A Element object is an element of a sequential element stream or element chain produced by the Rexx Parser when parsing a Rexx program.

Portions and markers

Each element represents an elementary portion of the parsed program, or a parser-generated marker. Each marker is located between two portions and occupies no space.

Element categories and subcategories

Every element has a element category that identifies its syntactic category; additionally, when the element category is .EL.TAKEN_CONSTANT, the element also has a subcategory, which further specifies the type and use of the taken constant.

Inserted element

Markers are used to convey additional meaning to the element chain. For example, a marker may indicate that a clause has ended, or that an implicit EXIT instruction has to be assumed at the end of a code section. Markers are also called inserted, implied, or zero-length elements.

Some of the markers are dictated by the Rexx Language conventions (for example, a semicolon is assumed after THEN, ELSE and OTHERWISE, or before THEN), and others are added by the Rexx Parser to enhance the element stream by ensuring that it has certain properties (for example, that a clause is always delimited by two end-of-clause markers).

Non-inserted elements

Portions, or non-inserted elements represent fragments of the source program, and, although they roughly correspond to the Rexx notion of token, their concept is extended to encompass elements that are not considered tokens by Rexx, like comments, or non-significant whitespace. This definition is chosen so that the following invariant becomes true:

A program source is always equivalent to the ordered concatenation of the values of its element chain.

Ignorable elements

Elements which are non-inserted but do not fall under the Rexx definition of token are ignorable elements.

You can check whether a element is ignorable by using the isIgnorable method of the Element class, and you can make an element ignorable by using the makeIgnorable method.

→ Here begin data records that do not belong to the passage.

lemma comm_g_mult:
  assumes a: "a \<in> V" and b: "b \<in> V"
  shows "comm_g (a \<otimes> b) = comm_g a \<otimes> comm_g b"
proof -
  define a' where "a' = inv g \<otimes> a \<otimes> g"
  define b' where "b' = inv g \<otimes> b \<otimes> g"
  have V: "a' \<in> V" "b' \<in> V" "inv a \<otimes> a' \<in> V" "inv b \<in> V"
    using a b conj_in_V subgroup.m_closed[OF V_subgroup] subgroup.m_inv_closed[OF V_subgroup]
    by (auto simp: a'_def b'_def)
  have c: "a \<in> carrier G" "b \<in> carrier G" "a' \<in> carrier G" "b' \<in> carrier G"
    using a b V V_carrier by auto
  have "comm_g (a \<otimes> b) = inv b \<otimes> (inv a \<otimes> a') \<otimes> b'"
    using c g_carrier
    by (simp add: comm_g_eq conj_mult a'_def b'_def inv_mult_group m_assoc mult_inv_cancel_left)
  also have "inv b \<otimes> (inv a \<otimes> a') = (inv a \<otimes> a') \<otimes> inv b"
    using V V_comm by blast
  also have "inv a \<otimes> a' \<otimes> inv b \<otimes> b' = comm_g a \<otimes> comm_g b"
    using c by (simp add: comm_g_eq a'_def b'_def m_assoc)
  finally show ?thesis .
qed

lemma group_hom_comm_g: "group_hom (G\<lparr>carrier := V\<rparr>) G comm_g"
proof -
  have "comm_g \<in> hom (G\<lparr>carrier := V\<rparr>) G"
    using comm_g_in_V V_carrier comm_g_mult by (intro homI) auto
  then show ?thesis
    using subgroup.subgroup_is_group[OF V_subgroup is_group]
    by (simp add: group_hom_def group_hom_axioms_def is_group)
qed

lemma subgroup_comm_g_image: "subgroup (comm_g ` V) G"
  using group_hom.img_is_subgroup[OF group_hom_comm_g] by simp

lemma comm_g_image_subset_V: "comm_g ` V \<subseteq> V"
  using comm_g_in_V by blast

lemma iter_comm_eq_funpow_comm_g: "iter_comm G x g n = (comm_g ^^ n) x"
  by (induction n) (simp_all add: comm_g_def)

lemma funpow_comm_g_in_image: "w \<in> comm_g ` V \<Longrightarrow> (comm_g ^^ n) w \<in> comm_g ` V"
  using comm_g_image_subset_V by (induction n) auto

lemma comm_subgroup_eq_image: "comm_subgroup G V g = comm_g ` V"
proof -
  have "{comm G v g | v. v \<in> V} = comm_g ` V"
    by (auto simp: comm_g_def)
  then show ?thesis
    unfolding comm_subgroup_def
    using generate_subgroup_incl[OF subset_refl subgroup_comm_g_image]
      generate.incl[of _ "comm_g ` V" G]
    by auto
qed

lemma comm_g_inv: "v \<in> V \<Longrightarrow> comm_g (inv v) = inv (comm_g v)"
  using group_hom.hom_inv[OF group_hom_comm_g, of v]
  by (simp add: m_inv_consistent[OF V_subgroup] subgroup.m_inv_closed[OF V_subgroup])

lemma g_pow_commute: "g [^] (k::nat) \<otimes> g = g \<otimes> g [^] k"
  using g_carrier by (metis nat_pow_Suc nat_pow_Suc2)

lemma g_pow_mult_commute: "x \<in> carrier G \<Longrightarrow> g \<otimes> (g [^] (k::nat) \<otimes> x) = g [^] k \<otimes> (g \<otimes> x)"
  using g_carrier by (simp add: m_assoc[symmetric] g_pow_commute)

lemma conj_g_pow_fixes_g: "inv (g [^] (k::nat)) \<otimes> g \<otimes> g [^] k = g"
  using g_carrier by (simp add: m_assoc g_pow_commute[symmetric] inv_mult_cancel_left)

lemma conj_pow_comm_g:
  "v \<in> carrier G \<Longrightarrow>
    inv (g [^] (k::nat)) \<otimes> comm_g v \<otimes> g [^] k = comm_g (inv (g [^] k) \<otimes> v \<otimes> g [^] k)"
  using conj_comm[of v g "g [^] k"] g_carrier by (simp add: comm_g_def conj_g_pow_fixes_g)

lemma conj_pow_in_comm_g_image:
  "u \<in> comm_g ` V \<Longrightarrow> inv (g [^] (k::nat)) \<otimes> u \<otimes> g [^] k \<in> comm_g ` V"
  using conj_pow_comm_g conj_pow_in_V V_carrier by auto

lemma conj_pow_eq_mult_pow:
  assumes v: "v \<in> V" and fixed: "inv g \<otimes> comm_g v \<otimes> g = comm_g v"
  shows "inv (g [^] (i::nat)) \<otimes> v \<otimes> g [^] i = v \<otimes> comm_g v [^] i"
proof (induction i)
  case 0
  then show ?case using v V_carrier by simp
next
  case (Suc i)
  let ?w = "comm_g v"
  have c: "v \<in> carrier G" "?w \<in> carrier G" using v comm_g_in_V V_carrier by auto
  have "inv (g [^] Suc i) \<otimes> v \<otimes> g [^] Suc i
      = inv g \<otimes> (inv (g [^] i) \<otimes> v \<otimes> g [^] i) \<otimes> g"
    using c g_carrier by (simp add: m_assoc inv_mult_group)
  also have "\<dots> = (inv g \<otimes> v \<otimes> g) \<otimes> (inv g \<otimes> ?w \<otimes> g) [^] i"
    using Suc c g_carrier by (simp add: conj_mult conj_nat_pow)
  also have "inv g \<otimes> v \<otimes> g = v \<otimes> ?w"
    using c g_carrier by (simp add: comm_g_eq m_assoc mult_inv_cancel_left)
  also have "v \<otimes> ?w \<otimes> (inv g \<otimes> ?w \<otimes> g) [^] i = v \<otimes> (?w \<otimes> ?w [^] i)"
    using c fixed by (simp add: m_assoc)
  also have "?w \<otimes> ?w [^] i = ?w [^] Suc i"
    by (rule nat_pow_Suc2[OF c(2), symmetric])
  finally show ?case .
qed

lemma pow_card_V: "v \<in> V \<Longrightarrow> v [^] card V = \<one>"
  using group.pow_order_eq_1[OF subgroup.subgroup_is_group[OF V_subgroup is_group], of v]
    nat_pow_consistent[of v "card V" V]
  by (simp add: order_def)

lemma inv_g_pow_commute: "inv (g [^] (k::nat)) \<otimes> inv g = inv g \<otimes> inv (g [^] k)"
  using g_carrier by (simp add: inv_mult_group[symmetric] g_pow_commute)

lemma comm_pow_mult_g:
  assumes "v \<in> V"
  shows "comm G (g [^] (k::nat) \<otimes> v) g = comm_g v"
proof -
  have c: "v \<in> carrier G" using assms V_carrier by blast
  have "comm G (g [^] k \<otimes> v) g
      = inv v \<otimes> ((inv (g [^] k) \<otimes> inv g) \<otimes> (g [^] k \<otimes> (v \<otimes> g)))"
    using c g_carrier by (simp add: comm_def inv_mult_group m_assoc)
  also have "\<dots> = inv v \<otimes> (inv g \<otimes> (v \<otimes> g))"
    using c g_carrier by (simp add: inv_g_pow_commute m_assoc inv_mult_cancel_left)
  finally show ?thesis using c g_carrier by (simp add: comm_g_eq m_assoc)
qed

lemma comm_g_pow_mult:
  assumes "v \<in> V"
  shows "comm G g (g [^] (k::nat) \<otimes> v) = comm_g (inv v)"
proof -
  have c: "v \<in> carrier G" "inv v \<in> V"
    using assms V_carrier subgroup.m_inv_closed[OF V_subgroup] by auto
  have "comm G g (g [^] k \<otimes> v) = (inv g \<otimes> inv v \<otimes> g) \<otimes> v"
    using c g_carrier
    by (simp add: comm_def inv_mult_group m_assoc g_pow_mult_commute inv_mult_cancel_left)
  also have "\<dots> = v \<otimes> (inv g \<otimes> inv v \<otimes> g)"
    using V_comm assms c conj_in_V by blast
  finally show ?thesis using c g_carrier by (simp add: comm_g_eq)
qed

lemma comm_pow_mult:
  assumes "u \<in> V" and "v \<in> V"
  shows "comm G u (g [^] (k::nat) \<otimes> v) = inv u \<otimes> (inv (g [^] k) \<otimes> u \<otimes> g [^] k)"
proof -
  let ?u = "inv (g [^] k) \<otimes> u \<otimes> g [^] k"
  have c: "u \<in> carrier G" "v \<in> carrier G" "?u \<in> V"
    using assms V_carrier conj_pow_in_V by auto
  have "comm G u (g [^] k \<otimes> v) = inv u \<otimes> (inv v \<otimes> (?u \<otimes> v))"
    using c g_carrier by (simp add: comm_def inv_mult_group m_assoc)
  also have "?u \<otimes> v = v \<otimes> ?u" using V_comm assms c by blast
  finally show ?thesis using c V_carrier by (simp add: inv_mult_cancel_left)
qed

Please note that the knowledge of the fact that a certain element is or is not ignorable may imply a quite involved syntactical analysis of a relatively large part of the program. Think, for example, of ignorable and non-ignorable whitespace when parsing a template containing complex expressions which include blank operators.

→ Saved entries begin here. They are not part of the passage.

(* Let $F$ be the fractal percolation in $[0,1]^2$ with parameters $M\in\mathbb{N}_{\geq2}$ and $p>1/M^2$, $p\leq 1$, $D=\log(M^2p)/\log M$, $r=1/M$. Let $x$ be a point which is a common corner of four level-1 squares $J_1,J_2,J_3,J_4$ (so $x$ lies in the interior of $[0,1]^2$), numbered so that $J_1$ and $J_2$ intersect only in $x$. Define $$E_2:=2(M-1)^2\sum_{n=1}^\infty r^{nD}\mathbb{E}V_0(C_n^1\cap C_n^2),\quad E_3:=4(M-1)^2\sum_{n=1}^\infty r^{nD}\mathbb{E}V_0(C_n^1\cap C_n^2\cap C_n^3),$$ $$E_4:=(M-1)^2\sum_{n=1}^\infty r^{nD}\mathbb{E}V_0\Big(\bigcap_{j=1}^4C_n^j\Big).$$ Then $$E_2=2(M-1)^2\left(\frac{1}{M^2p-1}-\frac{2}{M^2-1}+\frac{p}{M^2-p}\right),$$ $$E_3=4(M-1)^2\left(\frac{1}{M^2p-1}-\frac{3}{M^2-1}+\frac{3p}{M^2-p}-\frac{p^2}{M^2-p^2}\right),$$ $$E_4=(M-1)^2\left(\frac{1}{M^2p-1}-\frac{4}{M^2-1}+\frac{6p}{M^2-p}-\frac{4p^2}{M^2-p^2}+\frac{p^3}{M^2-p^3}\right).$$
   Context: Fractal percolation in $[0,1]^2$: $F_0=[0,1]^2$; given $F_{n-1}$, a union of closed grid squares of side $M^{-(n-1)}$, each is divided into $M^2$ closed subsquares of side $M^{-n}$, each kept independently (of everything else) with probability $p$; $F_n$ is the union of kept subsquares. The level-1 squares are the $M^2$ closed subsquares of $[0,1]^2$ of side $1/M$. For a level-1 square $J_j$, $C_n^j$ is the union of those level-$n$ grid squares (side $M^{-n}$) contained in $J_j$ that do not belong to $F_n$. $V_0$ is the Euler characteristic. *)

theory Defs
  imports "HOL-Probability.Probability"
begin

definition grid_sq :: "nat \<Rightarrow> nat \<Rightarrow> nat \<times> nat \<Rightarrow> (real \<times> real) set" where
  "grid_sq M n q =
     {real (fst q) / real M ^ n .. (real (fst q) + 1) / real M ^ n} \<times>
     {real (snd q) / real M ^ n .. (real (snd q) + 1) / real M ^ n}"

Parts of a compound variable

A element C representing a compound variable can be managed as a whole, or decomposed into its constituent elements or parts, by using the parts instance method of the Element class (see below).

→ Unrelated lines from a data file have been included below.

lemma Tac_square_le:
  "ennreal ((Tac p q a f x)\<^sup>2 * p x)
    \<le> ennreal (indicator {x. a < \<bar>x\<bar>} x * p x) * (\<integral>\<^sup>+y. ennreal (\<bar>f y\<bar> * t x y) \<partial>lborel)\<^sup>2"
proof -
  have "ennreal \<bar>Top p q f x\<bar> \<le> (\<integral>\<^sup>+y. ennreal (\<bar>f y\<bar> * t x y) \<partial>lborel)"
    using norm_integral_le_nn_integral_norm[of lborel "\<lambda>y. f y * t x y"] tker_nonneg
    by (simp add: Top_def abs_mult)
  then have "ennreal \<bar>Top p q f x\<bar> ^ 2 \<le> (\<integral>\<^sup>+y. ennreal (\<bar>f y\<bar> * t x y) \<partial>lborel)\<^sup>2"
    by (rule power_mono) simp
  moreover define w where "w = indicator {x. a < \<bar>x\<bar>} x * p x"
  then have "(Tac p q a f x)\<^sup>2 * p x = w * \<bar>Top p q f x\<bar>\<^sup>2"
    by (simp add: Tac_def indicator_def abs_le_iff not_le) arith
  moreover have "0 \<le> w"
    using p_pos[of x] by (simp add: w_def)
  ultimately show ?thesis
    unfolding w_def[symmetric] by (simp add: ennreal_mult ennreal_power mult_left_mono)
qed

lemma borel_measurable_Tac: "Tac p q a f \<in> borel_measurable borel"
  using borel_measurable_integral_continuous_kernel[OF continuous_on_tker, of f]
  unfolding Tac_def[abs_def] Top_def by measurable

lemma L2norm_Tac_le:
  assumes "0 \<le> s" and q_supp: "\<And>x u. s < \<bar>u\<bar> \<Longrightarrow> q x (x + u) = 0" and "L2norm p f \<le> 1"
  shows "L2norm p (Tac p q a f) \<le> ereal (LBINT u=-s..s. tail_envelope a u)"
proof -
  define \<beta> where "\<beta> = (LBINT u=-s..s. tail_envelope a u)"
  have p_meas [measurable]: "p \<in> borel_measurable borel"
    using p_cont by (rule borel_measurable_continuous_onI)
  have [measurable]: "(\<lambda>y. \<bar>f y\<bar>) \<in> borel_measurable borel"
    using assms(3) p_pos by (intro borel_measurable_abs_of_L2norm_finite[OF _ _ p_meas]) auto
  have "L2norm p f \<le> ereal 1"
    using assms(3) by (simp only: one_ereal_def[symmetric])
  then have f_sq: "(\<integral>\<^sup>+y. ennreal (\<bar>f y\<bar>\<^sup>2 * p y) \<partial>lborel) \<le> 1"
    using nn_integral_le_of_L2norm_le[of p f 1] p_pos by (simp add: less_imp_le)
  have "(\<integral>\<^sup>+x. ennreal ((Tac p q a f x)\<^sup>2 * p x) \<partial>lborel)
      \<le> (\<integral>\<^sup>+x. ennreal (indicator {x. a < \<bar>x\<bar>} x * p x)
            * (\<integral>\<^sup>+y. ennreal (\<bar>f y\<bar> * t x y) \<partial>lborel)\<^sup>2 \<partial>lborel)"
    by (intro nn_integral_mono Tac_square_le)
  also have "\<dots> \<le> (\<integral>\<^sup>+u. ennreal (tail_envelope a u * indicator {-s..s} u) \<partial>lborel)\<^sup>2
      * (\<integral>\<^sup>+y. ennreal (\<bar>f y\<bar>\<^sup>2 * p y) \<partial>lborel)"
    using tker_nonneg tail_envelope_nonneg p_pos weighted_tker_square_le_truncated_tail_envelope[where s = s, OF q_supp]
    by (intro nn_integral_Schur_test_translation) (auto simp: less_imp_le)
  also have "\<dots> \<le> ennreal \<beta> ^ 2 * 1"
    unfolding nn_integral_tail_envelope(1)[OF \<open>0 \<le> s\<close>] \<beta>_def by (rule mult_left_mono[OF f_sq]) simp
  also have "\<dots> = ennreal (\<beta>\<^sup>2)"
    using nn_integral_tail_envelope(2)[OF \<open>0 \<le> s\<close>] by (simp add: \<beta>_def ennreal_power)
  finally show ?thesis
    unfolding \<beta>_def using p_pos nn_integral_tail_envelope(2)[OF \<open>0 \<le> s\<close>] borel_measurable_Tac
    by (intro L2norm_le_of_nn_integral_le) (auto simp: less_imp_le)
qed

end

theorem proposition3p3:
  fixes p :: "real \<Rightarrow> real" and q :: "real \<Rightarrow> real \<Rightarrow> real" and s a :: real
  assumes p_pos: "\<And>x. p x > 0"
    and p_cont: "continuous_on UNIV p"
    and p_int: "integrable lborel p"
    and p_prob: "(LINT x|lborel. p x) = 1"
    and q_nonneg: "\<And>x y. q x y \<ge> 0"
    and q_bdd: "\<exists>B. \<forall>x y. q x y \<le> B"
    and q_cont: "continuous_on UNIV (\<lambda>(x, y). q x y)"
    and q_int: "\<And>x. integrable lborel (q x)"
    and q_prob: "\<And>x. (LINT y|lborel. q x y) = 1"
    and s_pos: "s > 0"
    and q_supp: "\<And>x u. \<bar>u\<bar> > s \<Longrightarrow> q x (x + u) = 0"
    and a_pos: "a > 0"
  shows "opnorm2 p (Tac p q a) \<le>
    ereal (LBINT u=-s..s. (SUP x\<in>{x. \<bar>x\<bar> > a}.
              sqrt (tker p q x (x + u) * tker p q (x + u) x)))"
proof -
  interpret metropolis_kernel p q
    using p_pos p_cont q_nonneg q_bdd q_cont by unfold_locales
  have "L2norm p (Tac p q a f) \<le> ereal (LBINT u=-s..s. tail_envelope a u)" if "L2norm p f \<le> 1" for f
    using s_pos q_supp that by (intro L2norm_Tac_le) auto
  then show ?thesis
    unfolding opnorm2_def tail_envelope_def by (intro SUP_least) auto
qed

end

This method is only available when the class of the element is .EL.COMPOUND_VARIABLE or .EL.EXPOSED_COMPOUND_VARIABLE, and then it returns an array containing all the parts (elements) of the compound variable.

The first element of the array is always the stem name, that is, it is of class .EL.STEM_VARIABLE or .EL.EXPOSED_STEM_VARIABLE, and it includes the first dot in the compound variable name. The rest of the components are a sequence of either simple variables, of class .EL.SIMPLE_VARIABLE or .EL.EXPOSED_SIMPLE_VARIABLE; signless integers, of class .EL.INTEGER_NUMBER; pure dotless constant symbols, of class .EL.SYMBOL_LITERAL; or separator dots, of class .EL.TAIL_SEPARATOR.

Element categories and sets of element categories

A fundamental property of an element E is its element categories, E~category, a one-byte value that identifies the syntactic category of the element, regardless of whether it is ignorable or not, or implied or not. The Rexx Parser is able to recognize and assign a very wide variety of categories; you can browse the listing of possible classes here.

At initialization time, the Rexx Parser stores a set of symbolic element names in the global environment. All these names start with the .EL. prefix.

--------------------------------------------------------------------------------
-- Some sample element categories                                               --
--------------------------------------------------------------------------------
 .EL.EXPOSED_STEM_VARIABLE              -- A stem variable that has been exposed
 .EL.ENVIRONMENT_SYMBOL                 -- An environment symbol
 .EL.DIRECTIVE_START                    -- The directive start sequence, "::"
 .EL.ELLIPSIS                           -- The ARG instruction ellipsis, "..."
 .EL.ASG.PLUS                           -- The "+=" compound assignment sequence

The CategoryName public routine returns the symbolic form of an element category value.

  Say CategoryName( .EL.ELLIPSIS )      -- EL.ELLIPSIS

A collection of convenient names for several category sets is also created; these start with the .ALL. prefix. More information about the sets of element categories can be found here.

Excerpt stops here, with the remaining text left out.